Your objective => Reproduce the section of the listing that begins at the line containing "by (auto intro: filterlim_compose[OF" and finishes at the line containing "unfolding ewens_factor_def[abs_def] pochhammer_prod". Include both end lines and nothing beyond them.

Content starts

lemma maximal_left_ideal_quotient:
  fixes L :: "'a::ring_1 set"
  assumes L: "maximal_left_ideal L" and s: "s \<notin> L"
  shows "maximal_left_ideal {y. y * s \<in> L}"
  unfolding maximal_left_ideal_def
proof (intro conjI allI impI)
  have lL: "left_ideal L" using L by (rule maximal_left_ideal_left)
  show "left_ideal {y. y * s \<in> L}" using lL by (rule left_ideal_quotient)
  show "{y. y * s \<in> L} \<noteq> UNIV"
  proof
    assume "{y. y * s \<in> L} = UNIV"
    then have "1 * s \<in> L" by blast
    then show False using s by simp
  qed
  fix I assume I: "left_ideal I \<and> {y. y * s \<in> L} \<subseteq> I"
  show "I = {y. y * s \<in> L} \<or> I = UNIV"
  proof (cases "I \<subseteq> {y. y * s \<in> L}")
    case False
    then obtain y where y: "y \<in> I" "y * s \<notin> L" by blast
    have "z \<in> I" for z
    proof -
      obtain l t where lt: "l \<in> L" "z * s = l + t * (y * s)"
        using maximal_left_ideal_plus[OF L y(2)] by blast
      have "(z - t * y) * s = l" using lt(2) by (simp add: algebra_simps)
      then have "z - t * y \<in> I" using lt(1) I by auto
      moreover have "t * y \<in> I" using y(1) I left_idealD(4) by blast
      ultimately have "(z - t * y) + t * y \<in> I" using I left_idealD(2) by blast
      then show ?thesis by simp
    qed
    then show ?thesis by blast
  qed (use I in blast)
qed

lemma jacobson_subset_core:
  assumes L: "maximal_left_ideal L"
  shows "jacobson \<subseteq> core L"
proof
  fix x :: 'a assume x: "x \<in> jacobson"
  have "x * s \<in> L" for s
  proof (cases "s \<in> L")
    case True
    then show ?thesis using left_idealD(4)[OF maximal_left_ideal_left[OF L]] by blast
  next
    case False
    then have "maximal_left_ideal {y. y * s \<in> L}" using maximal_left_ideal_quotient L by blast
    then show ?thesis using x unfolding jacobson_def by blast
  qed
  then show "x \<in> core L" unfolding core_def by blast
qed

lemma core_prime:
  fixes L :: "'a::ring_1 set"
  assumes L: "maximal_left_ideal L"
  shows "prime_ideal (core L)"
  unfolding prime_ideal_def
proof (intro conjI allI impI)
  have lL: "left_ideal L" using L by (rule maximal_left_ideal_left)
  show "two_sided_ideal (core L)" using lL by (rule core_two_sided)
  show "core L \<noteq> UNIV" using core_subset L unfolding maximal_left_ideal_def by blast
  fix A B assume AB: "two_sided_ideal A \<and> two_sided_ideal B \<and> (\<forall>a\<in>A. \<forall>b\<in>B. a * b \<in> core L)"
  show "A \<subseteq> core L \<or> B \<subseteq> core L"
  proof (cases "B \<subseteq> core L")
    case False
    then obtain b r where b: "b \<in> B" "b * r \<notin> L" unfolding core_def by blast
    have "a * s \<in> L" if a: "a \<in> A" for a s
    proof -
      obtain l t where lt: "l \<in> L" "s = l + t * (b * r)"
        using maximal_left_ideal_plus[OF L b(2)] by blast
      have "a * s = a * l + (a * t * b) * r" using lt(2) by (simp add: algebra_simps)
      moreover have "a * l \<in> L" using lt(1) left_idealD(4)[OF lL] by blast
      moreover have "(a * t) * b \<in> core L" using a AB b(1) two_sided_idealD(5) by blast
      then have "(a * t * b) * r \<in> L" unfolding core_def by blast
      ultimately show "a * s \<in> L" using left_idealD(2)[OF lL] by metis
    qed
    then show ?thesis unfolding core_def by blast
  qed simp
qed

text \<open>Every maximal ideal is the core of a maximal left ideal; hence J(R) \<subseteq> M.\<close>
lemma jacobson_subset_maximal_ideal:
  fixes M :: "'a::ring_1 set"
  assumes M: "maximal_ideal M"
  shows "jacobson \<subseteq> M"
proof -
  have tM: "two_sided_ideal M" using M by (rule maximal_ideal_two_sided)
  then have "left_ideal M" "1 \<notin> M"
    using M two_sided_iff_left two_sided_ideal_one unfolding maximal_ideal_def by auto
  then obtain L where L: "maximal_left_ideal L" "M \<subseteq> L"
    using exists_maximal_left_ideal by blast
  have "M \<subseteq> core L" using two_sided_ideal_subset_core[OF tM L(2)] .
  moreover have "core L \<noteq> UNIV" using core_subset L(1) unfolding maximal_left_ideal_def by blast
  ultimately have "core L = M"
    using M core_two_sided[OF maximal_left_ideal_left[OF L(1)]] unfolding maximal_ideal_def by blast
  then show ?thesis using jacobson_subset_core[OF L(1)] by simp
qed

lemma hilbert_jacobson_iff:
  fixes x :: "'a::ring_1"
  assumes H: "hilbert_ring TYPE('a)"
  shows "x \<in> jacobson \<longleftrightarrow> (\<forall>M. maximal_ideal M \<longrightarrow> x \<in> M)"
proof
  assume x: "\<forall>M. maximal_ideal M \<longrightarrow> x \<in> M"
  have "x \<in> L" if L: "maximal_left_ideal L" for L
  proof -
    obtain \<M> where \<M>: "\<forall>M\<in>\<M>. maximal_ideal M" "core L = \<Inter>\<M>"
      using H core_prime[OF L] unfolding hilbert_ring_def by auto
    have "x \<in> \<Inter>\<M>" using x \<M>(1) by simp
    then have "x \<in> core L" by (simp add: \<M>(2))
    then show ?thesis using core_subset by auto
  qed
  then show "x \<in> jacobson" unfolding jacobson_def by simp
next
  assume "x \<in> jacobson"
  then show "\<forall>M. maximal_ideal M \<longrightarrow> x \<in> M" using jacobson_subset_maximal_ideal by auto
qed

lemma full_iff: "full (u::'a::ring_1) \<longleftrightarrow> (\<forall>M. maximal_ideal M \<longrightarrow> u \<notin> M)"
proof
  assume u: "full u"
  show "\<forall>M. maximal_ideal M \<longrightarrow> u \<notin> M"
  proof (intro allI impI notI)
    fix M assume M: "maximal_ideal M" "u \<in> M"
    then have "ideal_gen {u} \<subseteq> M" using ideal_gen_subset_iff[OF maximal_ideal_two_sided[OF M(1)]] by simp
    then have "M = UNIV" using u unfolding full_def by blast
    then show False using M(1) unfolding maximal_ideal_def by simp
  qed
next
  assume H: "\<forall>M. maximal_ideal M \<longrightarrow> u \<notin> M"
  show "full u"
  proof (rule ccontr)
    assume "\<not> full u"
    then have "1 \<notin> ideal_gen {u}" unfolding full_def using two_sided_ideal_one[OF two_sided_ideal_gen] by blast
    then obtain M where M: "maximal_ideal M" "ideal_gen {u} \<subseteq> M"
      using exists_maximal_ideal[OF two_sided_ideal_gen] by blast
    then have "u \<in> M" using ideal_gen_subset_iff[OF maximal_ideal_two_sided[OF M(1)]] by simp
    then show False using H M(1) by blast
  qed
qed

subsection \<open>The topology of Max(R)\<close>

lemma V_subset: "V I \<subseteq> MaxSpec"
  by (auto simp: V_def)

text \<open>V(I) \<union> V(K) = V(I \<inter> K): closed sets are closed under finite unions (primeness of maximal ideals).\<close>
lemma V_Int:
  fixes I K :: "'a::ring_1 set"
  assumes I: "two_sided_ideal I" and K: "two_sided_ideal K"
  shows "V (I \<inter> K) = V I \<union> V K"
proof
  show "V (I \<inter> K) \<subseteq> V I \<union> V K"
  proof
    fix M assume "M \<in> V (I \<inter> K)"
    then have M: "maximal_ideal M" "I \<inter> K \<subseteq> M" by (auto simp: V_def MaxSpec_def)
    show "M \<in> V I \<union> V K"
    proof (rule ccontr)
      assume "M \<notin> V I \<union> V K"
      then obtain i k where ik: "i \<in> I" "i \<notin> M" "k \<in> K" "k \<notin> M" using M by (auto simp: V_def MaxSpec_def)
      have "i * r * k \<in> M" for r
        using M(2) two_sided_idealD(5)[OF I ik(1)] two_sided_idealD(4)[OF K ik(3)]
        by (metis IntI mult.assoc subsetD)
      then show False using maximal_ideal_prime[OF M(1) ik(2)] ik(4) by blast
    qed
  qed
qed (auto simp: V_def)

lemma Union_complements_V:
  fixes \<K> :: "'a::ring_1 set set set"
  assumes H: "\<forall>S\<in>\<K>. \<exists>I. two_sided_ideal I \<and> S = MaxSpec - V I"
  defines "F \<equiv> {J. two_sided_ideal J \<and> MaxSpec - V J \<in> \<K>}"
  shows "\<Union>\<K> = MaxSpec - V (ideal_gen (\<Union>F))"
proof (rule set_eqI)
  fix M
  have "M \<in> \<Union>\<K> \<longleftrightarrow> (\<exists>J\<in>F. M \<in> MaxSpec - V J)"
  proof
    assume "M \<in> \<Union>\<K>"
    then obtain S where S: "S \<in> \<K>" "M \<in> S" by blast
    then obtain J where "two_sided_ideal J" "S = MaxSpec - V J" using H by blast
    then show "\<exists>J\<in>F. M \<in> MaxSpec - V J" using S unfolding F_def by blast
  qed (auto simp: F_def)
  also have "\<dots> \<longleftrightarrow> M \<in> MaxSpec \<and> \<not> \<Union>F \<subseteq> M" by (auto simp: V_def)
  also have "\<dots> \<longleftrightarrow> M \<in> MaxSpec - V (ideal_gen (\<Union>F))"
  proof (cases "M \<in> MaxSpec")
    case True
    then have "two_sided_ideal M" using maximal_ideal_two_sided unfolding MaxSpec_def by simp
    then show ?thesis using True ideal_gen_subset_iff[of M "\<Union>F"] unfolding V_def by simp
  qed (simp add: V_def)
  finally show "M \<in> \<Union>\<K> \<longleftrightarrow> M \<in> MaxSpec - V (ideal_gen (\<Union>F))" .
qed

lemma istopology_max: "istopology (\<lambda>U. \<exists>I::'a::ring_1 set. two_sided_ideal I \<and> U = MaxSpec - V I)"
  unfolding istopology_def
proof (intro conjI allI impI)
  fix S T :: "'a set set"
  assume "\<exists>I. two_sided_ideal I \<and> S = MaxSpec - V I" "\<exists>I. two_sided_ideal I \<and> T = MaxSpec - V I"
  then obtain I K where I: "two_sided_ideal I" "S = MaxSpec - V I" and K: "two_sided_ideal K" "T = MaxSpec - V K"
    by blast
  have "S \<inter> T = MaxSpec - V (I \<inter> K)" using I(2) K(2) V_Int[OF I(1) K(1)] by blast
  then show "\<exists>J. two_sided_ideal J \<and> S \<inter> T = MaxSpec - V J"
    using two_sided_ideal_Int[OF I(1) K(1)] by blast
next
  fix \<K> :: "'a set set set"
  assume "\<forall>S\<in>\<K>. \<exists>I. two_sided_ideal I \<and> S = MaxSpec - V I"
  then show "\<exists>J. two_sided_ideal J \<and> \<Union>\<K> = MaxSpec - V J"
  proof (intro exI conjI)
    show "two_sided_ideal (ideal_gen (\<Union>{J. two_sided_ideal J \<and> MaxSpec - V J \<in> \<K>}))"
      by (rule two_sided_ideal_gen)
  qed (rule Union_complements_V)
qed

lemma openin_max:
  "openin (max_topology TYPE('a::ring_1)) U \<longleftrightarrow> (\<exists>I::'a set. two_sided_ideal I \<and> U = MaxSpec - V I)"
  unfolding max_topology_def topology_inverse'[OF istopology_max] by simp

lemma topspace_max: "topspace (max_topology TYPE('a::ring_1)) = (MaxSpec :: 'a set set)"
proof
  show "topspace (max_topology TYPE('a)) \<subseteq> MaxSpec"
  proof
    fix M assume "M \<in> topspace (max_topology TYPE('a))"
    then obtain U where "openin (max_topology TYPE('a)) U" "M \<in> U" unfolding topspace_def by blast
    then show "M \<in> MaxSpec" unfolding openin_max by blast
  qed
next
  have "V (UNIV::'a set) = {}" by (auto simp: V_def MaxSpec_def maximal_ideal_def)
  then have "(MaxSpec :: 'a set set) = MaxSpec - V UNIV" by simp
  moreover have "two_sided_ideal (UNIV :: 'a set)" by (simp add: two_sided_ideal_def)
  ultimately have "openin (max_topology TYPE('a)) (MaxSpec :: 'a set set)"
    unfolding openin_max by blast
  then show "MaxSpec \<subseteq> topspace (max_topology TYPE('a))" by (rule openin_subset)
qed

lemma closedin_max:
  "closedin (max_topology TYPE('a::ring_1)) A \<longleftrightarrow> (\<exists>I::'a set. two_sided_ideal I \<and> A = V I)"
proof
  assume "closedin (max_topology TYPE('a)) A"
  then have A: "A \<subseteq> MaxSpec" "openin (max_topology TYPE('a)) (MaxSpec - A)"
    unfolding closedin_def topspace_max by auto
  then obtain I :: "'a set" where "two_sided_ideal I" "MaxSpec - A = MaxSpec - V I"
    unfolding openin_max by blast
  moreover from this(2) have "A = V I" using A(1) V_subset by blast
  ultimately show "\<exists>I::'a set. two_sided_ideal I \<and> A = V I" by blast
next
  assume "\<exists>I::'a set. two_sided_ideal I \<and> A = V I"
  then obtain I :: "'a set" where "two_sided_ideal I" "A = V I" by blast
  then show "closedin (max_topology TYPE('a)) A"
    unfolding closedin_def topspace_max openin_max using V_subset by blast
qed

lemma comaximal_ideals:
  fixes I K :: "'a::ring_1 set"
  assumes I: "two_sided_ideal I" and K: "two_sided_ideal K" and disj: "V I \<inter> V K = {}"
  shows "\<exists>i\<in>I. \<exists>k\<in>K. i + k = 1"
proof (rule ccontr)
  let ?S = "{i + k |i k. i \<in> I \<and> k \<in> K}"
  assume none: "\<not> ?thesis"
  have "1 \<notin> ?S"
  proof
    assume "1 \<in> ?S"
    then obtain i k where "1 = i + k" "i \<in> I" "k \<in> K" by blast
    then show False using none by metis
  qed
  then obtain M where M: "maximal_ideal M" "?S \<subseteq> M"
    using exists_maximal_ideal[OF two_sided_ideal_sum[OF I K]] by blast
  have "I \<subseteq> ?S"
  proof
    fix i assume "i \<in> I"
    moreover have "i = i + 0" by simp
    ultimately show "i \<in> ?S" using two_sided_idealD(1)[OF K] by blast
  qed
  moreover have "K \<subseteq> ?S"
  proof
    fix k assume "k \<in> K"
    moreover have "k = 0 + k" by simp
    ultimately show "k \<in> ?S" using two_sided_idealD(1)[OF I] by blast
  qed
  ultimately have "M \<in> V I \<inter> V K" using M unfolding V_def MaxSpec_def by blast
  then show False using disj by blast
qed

Content ends
Content starts

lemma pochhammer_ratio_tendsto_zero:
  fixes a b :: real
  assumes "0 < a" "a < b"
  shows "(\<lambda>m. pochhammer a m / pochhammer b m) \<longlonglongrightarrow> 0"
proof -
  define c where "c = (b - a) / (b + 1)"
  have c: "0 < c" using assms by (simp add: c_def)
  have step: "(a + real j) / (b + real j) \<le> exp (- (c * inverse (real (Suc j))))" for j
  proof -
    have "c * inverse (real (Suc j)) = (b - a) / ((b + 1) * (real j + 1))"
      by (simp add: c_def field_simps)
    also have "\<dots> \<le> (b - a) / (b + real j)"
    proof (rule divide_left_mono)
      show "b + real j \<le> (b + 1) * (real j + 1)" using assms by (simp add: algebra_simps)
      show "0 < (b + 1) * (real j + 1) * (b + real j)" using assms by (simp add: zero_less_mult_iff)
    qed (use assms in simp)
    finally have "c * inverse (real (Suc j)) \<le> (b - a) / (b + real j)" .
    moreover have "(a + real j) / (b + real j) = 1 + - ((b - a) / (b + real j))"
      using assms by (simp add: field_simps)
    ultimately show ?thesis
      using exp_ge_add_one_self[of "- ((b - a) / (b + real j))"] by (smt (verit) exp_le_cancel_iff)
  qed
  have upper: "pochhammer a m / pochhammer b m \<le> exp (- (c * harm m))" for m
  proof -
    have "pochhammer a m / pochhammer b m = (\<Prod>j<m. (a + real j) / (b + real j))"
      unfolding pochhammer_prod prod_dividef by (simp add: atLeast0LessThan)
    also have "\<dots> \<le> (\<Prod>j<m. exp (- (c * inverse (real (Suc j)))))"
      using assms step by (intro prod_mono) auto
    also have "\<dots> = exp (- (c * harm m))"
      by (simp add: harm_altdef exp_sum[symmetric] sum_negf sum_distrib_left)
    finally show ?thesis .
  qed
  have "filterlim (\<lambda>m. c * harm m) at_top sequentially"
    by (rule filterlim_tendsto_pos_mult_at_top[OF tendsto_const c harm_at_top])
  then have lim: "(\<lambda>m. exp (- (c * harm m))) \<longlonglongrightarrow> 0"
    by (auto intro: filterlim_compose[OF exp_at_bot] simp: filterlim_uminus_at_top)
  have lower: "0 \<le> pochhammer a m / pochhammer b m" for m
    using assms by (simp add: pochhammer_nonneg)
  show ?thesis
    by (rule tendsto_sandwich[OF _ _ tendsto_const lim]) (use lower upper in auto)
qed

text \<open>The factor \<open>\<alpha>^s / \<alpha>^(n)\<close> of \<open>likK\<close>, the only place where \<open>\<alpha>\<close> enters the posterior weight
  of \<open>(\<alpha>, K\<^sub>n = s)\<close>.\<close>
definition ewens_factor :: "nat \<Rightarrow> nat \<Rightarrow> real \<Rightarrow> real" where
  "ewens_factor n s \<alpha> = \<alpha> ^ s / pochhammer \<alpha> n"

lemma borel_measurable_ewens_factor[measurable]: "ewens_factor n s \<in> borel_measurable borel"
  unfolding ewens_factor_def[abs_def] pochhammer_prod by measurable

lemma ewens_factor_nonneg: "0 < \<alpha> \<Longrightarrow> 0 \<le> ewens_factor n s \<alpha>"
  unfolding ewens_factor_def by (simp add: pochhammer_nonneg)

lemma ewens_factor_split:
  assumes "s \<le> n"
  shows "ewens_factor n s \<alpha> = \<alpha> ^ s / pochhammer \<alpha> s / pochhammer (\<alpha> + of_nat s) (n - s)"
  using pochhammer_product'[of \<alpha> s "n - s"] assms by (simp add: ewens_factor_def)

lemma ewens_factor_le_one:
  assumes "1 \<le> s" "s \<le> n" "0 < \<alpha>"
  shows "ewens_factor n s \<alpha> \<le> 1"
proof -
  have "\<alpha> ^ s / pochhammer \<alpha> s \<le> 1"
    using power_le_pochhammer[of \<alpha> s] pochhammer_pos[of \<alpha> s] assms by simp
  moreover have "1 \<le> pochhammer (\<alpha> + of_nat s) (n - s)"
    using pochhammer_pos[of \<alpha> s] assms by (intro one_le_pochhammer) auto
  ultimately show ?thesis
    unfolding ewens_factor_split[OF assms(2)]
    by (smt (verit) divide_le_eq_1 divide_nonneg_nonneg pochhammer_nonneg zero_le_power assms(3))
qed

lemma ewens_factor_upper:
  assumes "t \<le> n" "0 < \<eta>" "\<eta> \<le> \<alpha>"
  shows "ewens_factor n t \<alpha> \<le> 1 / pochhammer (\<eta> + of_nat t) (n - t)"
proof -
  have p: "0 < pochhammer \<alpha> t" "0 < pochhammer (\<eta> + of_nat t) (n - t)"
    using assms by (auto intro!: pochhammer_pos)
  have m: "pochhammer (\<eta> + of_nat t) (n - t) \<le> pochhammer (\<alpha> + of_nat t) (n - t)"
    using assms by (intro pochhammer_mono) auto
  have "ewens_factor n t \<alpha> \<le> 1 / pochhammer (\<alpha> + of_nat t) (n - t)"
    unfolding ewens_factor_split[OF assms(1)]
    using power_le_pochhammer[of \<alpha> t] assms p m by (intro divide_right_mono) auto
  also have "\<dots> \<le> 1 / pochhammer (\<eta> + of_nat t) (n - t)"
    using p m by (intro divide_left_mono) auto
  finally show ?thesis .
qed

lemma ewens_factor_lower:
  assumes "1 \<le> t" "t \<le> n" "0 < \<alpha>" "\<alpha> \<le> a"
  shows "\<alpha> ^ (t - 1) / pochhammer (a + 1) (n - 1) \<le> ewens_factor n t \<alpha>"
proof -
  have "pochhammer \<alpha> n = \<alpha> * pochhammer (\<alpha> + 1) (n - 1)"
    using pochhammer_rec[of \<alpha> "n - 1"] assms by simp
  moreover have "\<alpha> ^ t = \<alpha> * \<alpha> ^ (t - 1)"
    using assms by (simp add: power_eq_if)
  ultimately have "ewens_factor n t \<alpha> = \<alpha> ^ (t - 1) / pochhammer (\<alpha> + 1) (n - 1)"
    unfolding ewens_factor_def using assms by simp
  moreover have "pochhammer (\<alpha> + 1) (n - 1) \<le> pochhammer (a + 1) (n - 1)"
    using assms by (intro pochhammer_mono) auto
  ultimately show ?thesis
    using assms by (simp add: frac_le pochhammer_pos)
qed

Content ends
Content starts

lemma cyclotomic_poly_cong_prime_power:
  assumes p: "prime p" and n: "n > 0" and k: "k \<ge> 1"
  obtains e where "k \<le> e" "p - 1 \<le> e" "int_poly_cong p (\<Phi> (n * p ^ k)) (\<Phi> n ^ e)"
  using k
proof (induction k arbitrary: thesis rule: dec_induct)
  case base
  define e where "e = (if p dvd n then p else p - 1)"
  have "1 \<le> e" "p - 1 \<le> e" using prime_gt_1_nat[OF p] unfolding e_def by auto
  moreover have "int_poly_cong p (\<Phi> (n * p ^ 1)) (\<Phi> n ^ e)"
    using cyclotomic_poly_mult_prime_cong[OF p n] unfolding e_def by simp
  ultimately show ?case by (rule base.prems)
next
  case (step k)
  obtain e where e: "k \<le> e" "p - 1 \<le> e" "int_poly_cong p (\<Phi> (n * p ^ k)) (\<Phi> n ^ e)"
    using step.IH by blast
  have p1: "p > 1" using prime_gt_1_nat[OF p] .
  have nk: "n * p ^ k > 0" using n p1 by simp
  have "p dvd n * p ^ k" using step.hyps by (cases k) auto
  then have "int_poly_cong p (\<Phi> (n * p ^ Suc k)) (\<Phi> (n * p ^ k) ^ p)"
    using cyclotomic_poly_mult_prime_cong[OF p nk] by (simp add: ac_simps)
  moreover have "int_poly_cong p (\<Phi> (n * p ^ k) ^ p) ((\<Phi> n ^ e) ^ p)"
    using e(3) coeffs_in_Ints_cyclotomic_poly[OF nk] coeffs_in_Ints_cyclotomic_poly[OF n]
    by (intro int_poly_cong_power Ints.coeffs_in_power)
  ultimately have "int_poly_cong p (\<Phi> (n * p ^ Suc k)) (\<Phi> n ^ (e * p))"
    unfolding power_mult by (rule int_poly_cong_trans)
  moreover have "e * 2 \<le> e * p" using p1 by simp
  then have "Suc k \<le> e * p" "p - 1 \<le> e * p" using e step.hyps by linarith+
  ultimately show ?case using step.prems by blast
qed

Content ends

Solution for this task =>
    by (auto intro: filterlim_compose[OF exp_at_bot] simp: filterlim_uminus_at_top)
  have lower: "0 \<le> pochhammer a m / pochhammer b m" for m
    using assms by (simp add: pochhammer_nonneg)
  show ?thesis
    by (rule tendsto_sandwich[OF _ _ tendsto_const lim]) (use lower upper in auto)
qed

text \<open>The factor \<open>\<alpha>^s / \<alpha>^(n)\<close> of \<open>likK\<close>, the only place where \<open>\<alpha>\<close> enters the posterior weight
  of \<open>(\<alpha>, K\<^sub>n = s)\<close>.\<close>
definition ewens_factor :: "nat \<Rightarrow> nat \<Rightarrow> real \<Rightarrow> real" where
  "ewens_factor n s \<alpha> = \<alpha> ^ s / pochhammer \<alpha> n"

lemma borel_measurable_ewens_factor[measurable]: "ewens_factor n s \<in> borel_measurable borel"
  unfolding ewens_factor_def[abs_def] pochhammer_prod by measurable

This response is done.